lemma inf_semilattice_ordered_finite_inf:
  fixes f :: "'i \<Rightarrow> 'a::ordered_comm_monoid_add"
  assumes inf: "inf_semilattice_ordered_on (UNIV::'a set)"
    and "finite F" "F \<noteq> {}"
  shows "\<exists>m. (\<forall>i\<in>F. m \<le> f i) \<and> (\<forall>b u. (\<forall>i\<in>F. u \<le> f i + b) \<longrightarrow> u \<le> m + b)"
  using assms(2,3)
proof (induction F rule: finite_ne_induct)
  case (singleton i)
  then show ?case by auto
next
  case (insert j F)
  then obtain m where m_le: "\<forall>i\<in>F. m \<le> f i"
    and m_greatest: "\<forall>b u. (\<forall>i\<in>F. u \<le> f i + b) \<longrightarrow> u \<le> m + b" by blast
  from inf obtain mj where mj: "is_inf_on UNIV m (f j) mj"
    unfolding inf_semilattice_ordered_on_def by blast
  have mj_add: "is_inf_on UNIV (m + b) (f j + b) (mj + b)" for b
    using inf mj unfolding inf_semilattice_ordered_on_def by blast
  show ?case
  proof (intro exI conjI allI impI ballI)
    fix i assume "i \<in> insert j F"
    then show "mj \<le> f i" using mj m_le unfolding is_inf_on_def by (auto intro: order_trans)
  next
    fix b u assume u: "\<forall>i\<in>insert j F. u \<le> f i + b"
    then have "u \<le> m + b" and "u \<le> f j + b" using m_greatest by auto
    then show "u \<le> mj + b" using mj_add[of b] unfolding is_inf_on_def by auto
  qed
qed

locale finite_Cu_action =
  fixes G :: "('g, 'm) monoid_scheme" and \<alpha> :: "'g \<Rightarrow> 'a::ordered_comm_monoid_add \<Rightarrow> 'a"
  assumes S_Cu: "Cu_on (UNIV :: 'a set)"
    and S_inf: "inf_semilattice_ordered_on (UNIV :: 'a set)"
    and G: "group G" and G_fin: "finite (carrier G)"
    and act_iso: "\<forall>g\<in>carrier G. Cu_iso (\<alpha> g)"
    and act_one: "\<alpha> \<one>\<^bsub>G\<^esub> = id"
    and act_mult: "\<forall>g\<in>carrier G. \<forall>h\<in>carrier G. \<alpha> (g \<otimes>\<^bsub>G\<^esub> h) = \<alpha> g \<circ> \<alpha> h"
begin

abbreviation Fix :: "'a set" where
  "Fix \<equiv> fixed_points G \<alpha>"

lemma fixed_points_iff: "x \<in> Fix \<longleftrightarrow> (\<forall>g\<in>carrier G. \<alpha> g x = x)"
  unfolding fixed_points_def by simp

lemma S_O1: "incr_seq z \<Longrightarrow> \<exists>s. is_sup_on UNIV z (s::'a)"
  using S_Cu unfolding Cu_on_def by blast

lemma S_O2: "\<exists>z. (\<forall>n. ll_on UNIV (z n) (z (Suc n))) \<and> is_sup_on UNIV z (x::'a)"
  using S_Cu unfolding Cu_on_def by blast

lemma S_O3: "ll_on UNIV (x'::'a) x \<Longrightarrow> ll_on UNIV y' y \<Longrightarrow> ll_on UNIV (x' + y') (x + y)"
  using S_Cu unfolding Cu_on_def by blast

What is required >> Could you please repeat the data exactly as given?

Solved exercise >>
lemma inf_semilattice_ordered_finite_inf:
  fixes f :: "'i \<Rightarrow> 'a::ordered_comm_monoid_add"
  assumes inf: "inf_semilattice_ordered_on (UNIV::'a set)"
    and "finite F" "F \<noteq> {}"
  shows "\<exists>m. (\<forall>i\<in>F. m \<le> f i) \<and> (\<forall>b u. (\<forall>i\<in>F. u \<le> f i + b) \<longrightarrow> u \<le> m + b)"
  using assms(2,3)
proof (induction F rule: finite_ne_induct)
  case (singleton i)
  then show ?case by auto
next
  case (insert j F)
  then obtain m where m_le: "\<forall>i\<in>F. m \<le> f i"
    and m_greatest: "\<forall>b u. (\<forall>i\<in>F. u \<le> f i + b) \<longrightarrow> u \<le> m + b" by blast
  from inf obtain mj where mj: "is_inf_on UNIV m (f j) mj"
    unfolding inf_semilattice_ordered_on_def by blast
  have mj_add: "is_inf_on UNIV (m + b) (f j + b) (mj + b)" for b
    using inf mj unfolding inf_semilattice_ordered_on_def by blast
  show ?case
  proof (intro exI conjI allI impI ballI)
    fix i assume "i \<in> insert j F"
    then show "mj \<le> f i" using mj m_le unfolding is_inf_on_def by (auto intro: order_trans)
  next
    fix b u assume u: "\<forall>i\<in>insert j F. u \<le> f i + b"
    then have "u \<le> m + b" and "u \<le> f j + b" using m_greatest by auto
    then show "u \<le> mj + b" using mj_add[of b] unfolding is_inf_on_def by auto
  qed
qed

locale finite_Cu_action =
  fixes G :: "('g, 'm) monoid_scheme" and \<alpha> :: "'g \<Rightarrow> 'a::ordered_comm_monoid_add \<Rightarrow> 'a"
  assumes S_Cu: "Cu_on (UNIV :: 'a set)"
    and S_inf: "inf_semilattice_ordered_on (UNIV :: 'a set)"
    and G: "group G" and G_fin: "finite (carrier G)"
    and act_iso: "\<forall>g\<in>carrier G. Cu_iso (\<alpha> g)"
    and act_one: "\<alpha> \<one>\<^bsub>G\<^esub> = id"
    and act_mult: "\<forall>g\<in>carrier G. \<forall>h\<in>carrier G. \<alpha> (g \<otimes>\<^bsub>G\<^esub> h) = \<alpha> g \<circ> \<alpha> h"
begin

abbreviation Fix :: "'a set" where
  "Fix \<equiv> fixed_points G \<alpha>"

lemma fixed_points_iff: "x \<in> Fix \<longleftrightarrow> (\<forall>g\<in>carrier G. \<alpha> g x = x)"
  unfolding fixed_points_def by simp

lemma S_O1: "incr_seq z \<Longrightarrow> \<exists>s. is_sup_on UNIV z (s::'a)"
  using S_Cu unfolding Cu_on_def by blast

lemma S_O2: "\<exists>z. (\<forall>n. ll_on UNIV (z n) (z (Suc n))) \<and> is_sup_on UNIV z (x::'a)"
  using S_Cu unfolding Cu_on_def by blast

lemma S_O3: "ll_on UNIV (x'::'a) x \<Longrightarrow> ll_on UNIV y' y \<Longrightarrow> ll_on UNIV (x' + y') (x + y)"
  using S_Cu unfolding Cu_on_def by blast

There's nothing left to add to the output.